THE PROBLEM: Work out how many lines in the entries below include the word "noteq". Give nothing but the number.

□ □ □ □ □

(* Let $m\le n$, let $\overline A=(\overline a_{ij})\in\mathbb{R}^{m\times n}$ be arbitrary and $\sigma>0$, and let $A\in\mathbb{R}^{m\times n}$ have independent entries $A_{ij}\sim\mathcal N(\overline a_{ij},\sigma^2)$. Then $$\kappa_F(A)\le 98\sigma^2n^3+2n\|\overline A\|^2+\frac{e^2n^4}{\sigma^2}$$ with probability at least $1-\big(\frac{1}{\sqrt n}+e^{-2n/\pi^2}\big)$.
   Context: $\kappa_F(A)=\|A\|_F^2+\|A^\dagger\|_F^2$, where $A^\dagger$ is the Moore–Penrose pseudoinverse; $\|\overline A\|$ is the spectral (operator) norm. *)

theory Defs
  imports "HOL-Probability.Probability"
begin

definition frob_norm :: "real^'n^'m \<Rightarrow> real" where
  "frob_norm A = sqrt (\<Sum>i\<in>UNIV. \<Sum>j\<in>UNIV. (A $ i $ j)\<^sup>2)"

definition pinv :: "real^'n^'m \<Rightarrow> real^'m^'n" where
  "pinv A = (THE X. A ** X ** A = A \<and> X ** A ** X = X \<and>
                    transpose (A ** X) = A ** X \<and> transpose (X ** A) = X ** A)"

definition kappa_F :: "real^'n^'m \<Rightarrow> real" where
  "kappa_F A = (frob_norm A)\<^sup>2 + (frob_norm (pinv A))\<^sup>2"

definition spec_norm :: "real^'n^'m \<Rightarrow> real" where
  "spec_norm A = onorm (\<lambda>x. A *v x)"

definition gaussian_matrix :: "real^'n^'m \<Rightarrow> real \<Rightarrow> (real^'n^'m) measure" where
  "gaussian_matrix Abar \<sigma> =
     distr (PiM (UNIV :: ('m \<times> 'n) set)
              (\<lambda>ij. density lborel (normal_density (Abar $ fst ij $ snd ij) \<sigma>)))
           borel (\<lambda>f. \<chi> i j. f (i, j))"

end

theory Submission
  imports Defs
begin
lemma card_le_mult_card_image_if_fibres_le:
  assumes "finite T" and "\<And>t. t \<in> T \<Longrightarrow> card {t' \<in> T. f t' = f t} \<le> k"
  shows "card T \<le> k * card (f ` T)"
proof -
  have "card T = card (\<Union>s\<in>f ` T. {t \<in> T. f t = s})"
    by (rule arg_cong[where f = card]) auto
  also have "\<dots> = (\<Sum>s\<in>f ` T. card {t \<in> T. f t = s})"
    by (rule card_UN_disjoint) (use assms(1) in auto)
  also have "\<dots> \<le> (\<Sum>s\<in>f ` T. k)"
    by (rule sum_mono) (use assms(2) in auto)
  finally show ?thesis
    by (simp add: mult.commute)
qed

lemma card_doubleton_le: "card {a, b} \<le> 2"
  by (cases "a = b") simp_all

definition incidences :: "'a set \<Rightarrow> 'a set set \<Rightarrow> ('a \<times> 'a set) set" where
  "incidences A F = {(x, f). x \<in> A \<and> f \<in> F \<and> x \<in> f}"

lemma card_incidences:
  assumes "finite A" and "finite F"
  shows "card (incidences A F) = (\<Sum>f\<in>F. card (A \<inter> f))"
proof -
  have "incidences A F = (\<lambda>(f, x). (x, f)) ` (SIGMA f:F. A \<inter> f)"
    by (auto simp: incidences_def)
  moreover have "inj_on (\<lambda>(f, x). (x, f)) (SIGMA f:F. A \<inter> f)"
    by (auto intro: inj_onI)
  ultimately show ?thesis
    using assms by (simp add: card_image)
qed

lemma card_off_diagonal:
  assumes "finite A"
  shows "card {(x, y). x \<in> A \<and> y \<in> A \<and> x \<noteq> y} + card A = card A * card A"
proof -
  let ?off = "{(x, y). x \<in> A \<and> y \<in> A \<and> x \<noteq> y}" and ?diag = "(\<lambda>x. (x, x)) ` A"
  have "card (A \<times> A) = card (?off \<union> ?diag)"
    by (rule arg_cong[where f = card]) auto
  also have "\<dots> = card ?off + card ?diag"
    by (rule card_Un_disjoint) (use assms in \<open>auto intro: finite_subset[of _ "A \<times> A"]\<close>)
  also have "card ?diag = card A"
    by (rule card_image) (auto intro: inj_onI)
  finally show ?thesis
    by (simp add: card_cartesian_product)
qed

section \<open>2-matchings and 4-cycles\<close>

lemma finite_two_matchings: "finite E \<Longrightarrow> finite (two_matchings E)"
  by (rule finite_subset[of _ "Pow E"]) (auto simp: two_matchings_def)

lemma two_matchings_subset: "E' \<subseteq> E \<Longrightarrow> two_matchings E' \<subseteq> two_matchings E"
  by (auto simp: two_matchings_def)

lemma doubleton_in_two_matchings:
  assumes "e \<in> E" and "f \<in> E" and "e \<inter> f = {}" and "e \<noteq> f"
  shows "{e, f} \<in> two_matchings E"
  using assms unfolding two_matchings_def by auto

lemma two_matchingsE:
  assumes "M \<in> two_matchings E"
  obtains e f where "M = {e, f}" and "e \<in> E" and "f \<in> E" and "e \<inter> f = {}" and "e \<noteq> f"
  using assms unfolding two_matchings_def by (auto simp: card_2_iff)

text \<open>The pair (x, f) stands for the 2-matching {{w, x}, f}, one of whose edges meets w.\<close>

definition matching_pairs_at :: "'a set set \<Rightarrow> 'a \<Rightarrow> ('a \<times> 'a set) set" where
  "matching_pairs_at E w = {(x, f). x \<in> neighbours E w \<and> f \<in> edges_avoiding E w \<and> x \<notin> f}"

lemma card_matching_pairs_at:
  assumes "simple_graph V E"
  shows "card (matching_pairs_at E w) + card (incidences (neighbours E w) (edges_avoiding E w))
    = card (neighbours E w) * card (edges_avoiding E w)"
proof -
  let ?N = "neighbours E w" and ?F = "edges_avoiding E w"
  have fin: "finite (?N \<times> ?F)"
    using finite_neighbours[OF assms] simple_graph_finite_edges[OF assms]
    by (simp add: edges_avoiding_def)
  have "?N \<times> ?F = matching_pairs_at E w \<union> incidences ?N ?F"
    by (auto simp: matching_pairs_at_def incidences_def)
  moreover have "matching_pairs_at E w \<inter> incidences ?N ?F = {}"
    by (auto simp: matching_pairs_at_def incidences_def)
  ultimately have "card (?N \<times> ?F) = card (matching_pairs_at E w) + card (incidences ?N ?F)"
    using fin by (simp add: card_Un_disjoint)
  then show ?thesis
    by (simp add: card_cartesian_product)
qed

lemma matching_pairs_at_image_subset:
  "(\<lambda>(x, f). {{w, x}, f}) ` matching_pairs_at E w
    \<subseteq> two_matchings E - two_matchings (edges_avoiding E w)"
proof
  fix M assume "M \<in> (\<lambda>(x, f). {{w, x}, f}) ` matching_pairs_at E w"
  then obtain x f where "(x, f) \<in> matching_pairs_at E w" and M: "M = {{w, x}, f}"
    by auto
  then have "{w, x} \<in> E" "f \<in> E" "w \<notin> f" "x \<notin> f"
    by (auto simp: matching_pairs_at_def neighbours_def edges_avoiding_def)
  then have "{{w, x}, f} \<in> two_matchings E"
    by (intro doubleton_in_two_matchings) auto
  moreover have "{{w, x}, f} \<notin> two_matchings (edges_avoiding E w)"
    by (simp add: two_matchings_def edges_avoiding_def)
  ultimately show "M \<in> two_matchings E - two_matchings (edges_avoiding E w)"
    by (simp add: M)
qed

□ □ □ □ □

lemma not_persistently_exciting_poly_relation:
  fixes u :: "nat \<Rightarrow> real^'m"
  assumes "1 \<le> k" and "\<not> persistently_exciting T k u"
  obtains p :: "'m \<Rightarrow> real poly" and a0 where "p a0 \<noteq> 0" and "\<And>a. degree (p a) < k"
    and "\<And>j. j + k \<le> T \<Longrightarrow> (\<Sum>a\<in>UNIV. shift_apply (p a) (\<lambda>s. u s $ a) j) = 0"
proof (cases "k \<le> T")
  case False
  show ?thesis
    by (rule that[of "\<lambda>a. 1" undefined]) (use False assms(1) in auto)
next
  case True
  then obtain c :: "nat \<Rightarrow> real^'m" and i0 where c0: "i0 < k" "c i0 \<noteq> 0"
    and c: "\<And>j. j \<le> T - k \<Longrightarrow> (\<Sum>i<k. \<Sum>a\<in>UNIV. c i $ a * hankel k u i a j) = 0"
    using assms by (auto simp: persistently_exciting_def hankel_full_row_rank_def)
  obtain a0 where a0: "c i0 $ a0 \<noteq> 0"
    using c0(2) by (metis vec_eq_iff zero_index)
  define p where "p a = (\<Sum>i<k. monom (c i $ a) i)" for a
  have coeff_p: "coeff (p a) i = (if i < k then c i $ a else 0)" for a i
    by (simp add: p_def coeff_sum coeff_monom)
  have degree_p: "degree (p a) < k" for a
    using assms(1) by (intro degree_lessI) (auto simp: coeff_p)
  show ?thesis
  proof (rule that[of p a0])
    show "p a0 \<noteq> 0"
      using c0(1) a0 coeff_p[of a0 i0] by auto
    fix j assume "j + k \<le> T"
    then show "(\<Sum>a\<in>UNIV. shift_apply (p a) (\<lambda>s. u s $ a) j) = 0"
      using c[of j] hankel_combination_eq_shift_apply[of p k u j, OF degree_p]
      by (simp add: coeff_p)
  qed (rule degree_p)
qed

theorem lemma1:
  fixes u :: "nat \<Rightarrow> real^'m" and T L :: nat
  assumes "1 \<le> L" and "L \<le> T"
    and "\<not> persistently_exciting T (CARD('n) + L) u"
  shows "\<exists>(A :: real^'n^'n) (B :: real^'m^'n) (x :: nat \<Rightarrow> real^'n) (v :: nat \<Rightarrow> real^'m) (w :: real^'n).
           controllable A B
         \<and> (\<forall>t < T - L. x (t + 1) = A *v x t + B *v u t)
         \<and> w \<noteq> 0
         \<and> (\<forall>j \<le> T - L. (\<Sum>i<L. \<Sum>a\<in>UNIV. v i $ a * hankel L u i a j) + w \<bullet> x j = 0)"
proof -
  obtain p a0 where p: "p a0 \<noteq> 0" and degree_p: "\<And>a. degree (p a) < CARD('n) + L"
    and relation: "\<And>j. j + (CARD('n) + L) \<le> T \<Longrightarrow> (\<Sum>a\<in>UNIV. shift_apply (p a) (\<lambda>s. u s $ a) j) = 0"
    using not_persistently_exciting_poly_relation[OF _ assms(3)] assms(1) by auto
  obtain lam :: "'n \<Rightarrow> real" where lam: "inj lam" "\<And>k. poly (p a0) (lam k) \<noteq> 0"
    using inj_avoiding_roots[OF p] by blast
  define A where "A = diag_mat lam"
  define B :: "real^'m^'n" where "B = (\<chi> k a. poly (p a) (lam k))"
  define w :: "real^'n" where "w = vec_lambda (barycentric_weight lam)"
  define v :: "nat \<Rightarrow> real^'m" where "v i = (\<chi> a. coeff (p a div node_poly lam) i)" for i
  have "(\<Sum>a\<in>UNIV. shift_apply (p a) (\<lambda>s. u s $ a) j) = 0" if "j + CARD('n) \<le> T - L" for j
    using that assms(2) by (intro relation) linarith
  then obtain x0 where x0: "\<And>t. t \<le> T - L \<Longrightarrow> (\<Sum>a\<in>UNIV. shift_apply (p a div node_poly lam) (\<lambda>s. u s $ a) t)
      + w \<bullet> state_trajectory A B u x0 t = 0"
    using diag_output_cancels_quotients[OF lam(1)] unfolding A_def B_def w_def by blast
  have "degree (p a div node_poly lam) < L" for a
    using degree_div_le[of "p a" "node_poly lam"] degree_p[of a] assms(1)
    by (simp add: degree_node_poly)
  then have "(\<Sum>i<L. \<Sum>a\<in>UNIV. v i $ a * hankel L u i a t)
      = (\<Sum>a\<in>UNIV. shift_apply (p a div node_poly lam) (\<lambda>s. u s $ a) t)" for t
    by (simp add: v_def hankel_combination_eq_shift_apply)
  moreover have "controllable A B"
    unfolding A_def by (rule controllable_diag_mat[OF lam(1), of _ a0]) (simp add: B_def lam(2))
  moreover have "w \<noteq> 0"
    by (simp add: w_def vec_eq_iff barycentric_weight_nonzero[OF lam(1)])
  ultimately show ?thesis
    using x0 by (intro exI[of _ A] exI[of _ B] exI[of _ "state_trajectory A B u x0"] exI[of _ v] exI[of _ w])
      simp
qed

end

□ □ □ □ □

RESPONSE: 12